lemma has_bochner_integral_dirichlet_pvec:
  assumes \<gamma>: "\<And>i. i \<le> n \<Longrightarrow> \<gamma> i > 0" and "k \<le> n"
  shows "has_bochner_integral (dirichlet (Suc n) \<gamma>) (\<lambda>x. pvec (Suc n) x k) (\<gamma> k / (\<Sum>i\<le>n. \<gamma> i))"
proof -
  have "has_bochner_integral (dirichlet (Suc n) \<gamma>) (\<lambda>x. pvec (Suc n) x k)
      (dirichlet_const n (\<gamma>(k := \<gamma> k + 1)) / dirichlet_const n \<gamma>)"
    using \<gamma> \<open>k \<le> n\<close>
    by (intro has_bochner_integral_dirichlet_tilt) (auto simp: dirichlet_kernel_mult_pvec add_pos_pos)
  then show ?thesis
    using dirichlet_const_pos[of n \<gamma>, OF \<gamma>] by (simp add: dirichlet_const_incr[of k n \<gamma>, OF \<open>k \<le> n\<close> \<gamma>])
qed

· · · · ·

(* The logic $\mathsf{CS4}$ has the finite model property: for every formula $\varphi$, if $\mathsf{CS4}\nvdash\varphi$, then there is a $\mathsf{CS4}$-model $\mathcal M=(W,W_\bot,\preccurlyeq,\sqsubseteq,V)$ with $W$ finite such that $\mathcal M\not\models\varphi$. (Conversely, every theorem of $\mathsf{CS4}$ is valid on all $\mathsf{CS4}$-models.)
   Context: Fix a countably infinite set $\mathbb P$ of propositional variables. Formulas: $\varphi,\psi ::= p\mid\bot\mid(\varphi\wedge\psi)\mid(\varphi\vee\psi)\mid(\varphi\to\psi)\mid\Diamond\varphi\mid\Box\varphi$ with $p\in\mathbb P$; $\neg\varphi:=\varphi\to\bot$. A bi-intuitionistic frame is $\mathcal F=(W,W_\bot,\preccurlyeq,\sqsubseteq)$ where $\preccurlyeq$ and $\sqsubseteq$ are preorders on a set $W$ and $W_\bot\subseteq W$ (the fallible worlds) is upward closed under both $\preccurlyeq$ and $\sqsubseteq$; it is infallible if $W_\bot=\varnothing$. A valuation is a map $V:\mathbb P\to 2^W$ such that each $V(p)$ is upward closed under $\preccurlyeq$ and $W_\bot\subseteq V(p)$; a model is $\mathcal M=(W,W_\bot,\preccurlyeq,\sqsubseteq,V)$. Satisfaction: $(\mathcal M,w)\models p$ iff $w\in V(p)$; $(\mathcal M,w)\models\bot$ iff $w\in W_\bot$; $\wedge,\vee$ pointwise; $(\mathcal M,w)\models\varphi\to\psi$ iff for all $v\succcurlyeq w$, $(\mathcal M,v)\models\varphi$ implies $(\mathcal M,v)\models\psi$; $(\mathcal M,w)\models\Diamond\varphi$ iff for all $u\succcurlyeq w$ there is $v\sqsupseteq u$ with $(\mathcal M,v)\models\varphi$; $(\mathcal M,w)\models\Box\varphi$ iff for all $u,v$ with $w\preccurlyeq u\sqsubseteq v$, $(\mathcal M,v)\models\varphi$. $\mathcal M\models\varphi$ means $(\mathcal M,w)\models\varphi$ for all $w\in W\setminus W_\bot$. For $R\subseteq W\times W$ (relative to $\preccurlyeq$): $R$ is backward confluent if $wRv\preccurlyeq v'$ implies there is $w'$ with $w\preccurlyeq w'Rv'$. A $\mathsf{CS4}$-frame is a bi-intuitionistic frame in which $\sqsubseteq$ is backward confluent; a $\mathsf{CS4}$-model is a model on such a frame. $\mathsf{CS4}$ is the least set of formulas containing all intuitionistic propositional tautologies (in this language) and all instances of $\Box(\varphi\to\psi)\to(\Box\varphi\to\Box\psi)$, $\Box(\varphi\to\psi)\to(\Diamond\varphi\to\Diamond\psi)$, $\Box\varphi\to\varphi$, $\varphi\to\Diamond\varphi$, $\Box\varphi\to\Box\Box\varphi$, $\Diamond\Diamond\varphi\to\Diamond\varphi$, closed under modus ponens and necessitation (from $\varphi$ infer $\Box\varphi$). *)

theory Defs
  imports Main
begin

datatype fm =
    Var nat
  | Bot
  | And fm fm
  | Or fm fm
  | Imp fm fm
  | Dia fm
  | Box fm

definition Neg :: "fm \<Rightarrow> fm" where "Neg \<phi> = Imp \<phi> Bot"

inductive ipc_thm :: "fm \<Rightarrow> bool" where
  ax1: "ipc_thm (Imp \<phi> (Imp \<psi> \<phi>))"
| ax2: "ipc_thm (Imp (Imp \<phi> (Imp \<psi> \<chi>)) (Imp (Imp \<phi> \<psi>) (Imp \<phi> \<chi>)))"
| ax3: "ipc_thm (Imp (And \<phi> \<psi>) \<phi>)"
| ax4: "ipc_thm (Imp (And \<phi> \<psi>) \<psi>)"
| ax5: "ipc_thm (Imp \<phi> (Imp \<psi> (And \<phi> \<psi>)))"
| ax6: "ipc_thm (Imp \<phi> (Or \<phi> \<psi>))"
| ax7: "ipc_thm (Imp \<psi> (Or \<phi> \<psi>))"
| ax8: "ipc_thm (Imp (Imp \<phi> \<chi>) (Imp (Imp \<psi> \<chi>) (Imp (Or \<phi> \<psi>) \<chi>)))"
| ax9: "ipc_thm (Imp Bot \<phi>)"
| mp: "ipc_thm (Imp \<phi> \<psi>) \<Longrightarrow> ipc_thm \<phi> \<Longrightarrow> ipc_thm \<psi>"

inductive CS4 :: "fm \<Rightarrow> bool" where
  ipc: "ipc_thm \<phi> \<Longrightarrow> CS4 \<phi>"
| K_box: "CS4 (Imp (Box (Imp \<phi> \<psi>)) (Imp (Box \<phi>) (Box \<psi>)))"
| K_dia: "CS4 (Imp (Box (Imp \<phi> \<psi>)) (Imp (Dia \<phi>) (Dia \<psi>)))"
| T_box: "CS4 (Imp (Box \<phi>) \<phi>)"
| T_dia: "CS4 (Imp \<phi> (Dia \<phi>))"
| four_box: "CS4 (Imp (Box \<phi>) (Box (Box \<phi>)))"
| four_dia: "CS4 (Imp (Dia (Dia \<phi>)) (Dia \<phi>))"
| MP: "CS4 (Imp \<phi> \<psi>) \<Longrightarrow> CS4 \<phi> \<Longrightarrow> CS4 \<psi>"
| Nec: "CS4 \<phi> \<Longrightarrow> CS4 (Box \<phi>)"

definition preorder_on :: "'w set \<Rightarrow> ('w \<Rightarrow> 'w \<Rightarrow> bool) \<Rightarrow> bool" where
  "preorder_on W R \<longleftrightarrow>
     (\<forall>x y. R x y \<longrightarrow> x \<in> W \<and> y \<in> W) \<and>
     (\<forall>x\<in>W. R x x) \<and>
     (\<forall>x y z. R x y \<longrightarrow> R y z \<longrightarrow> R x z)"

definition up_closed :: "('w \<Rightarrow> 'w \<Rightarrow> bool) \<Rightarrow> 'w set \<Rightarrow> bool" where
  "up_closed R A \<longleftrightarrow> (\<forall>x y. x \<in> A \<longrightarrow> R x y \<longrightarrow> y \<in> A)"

· · · · ·

» WHAT IS EXPECTED: A count is needed of the lines in the entries that contain "open". Supply only that number.

» RESULT OF THE TASK: 2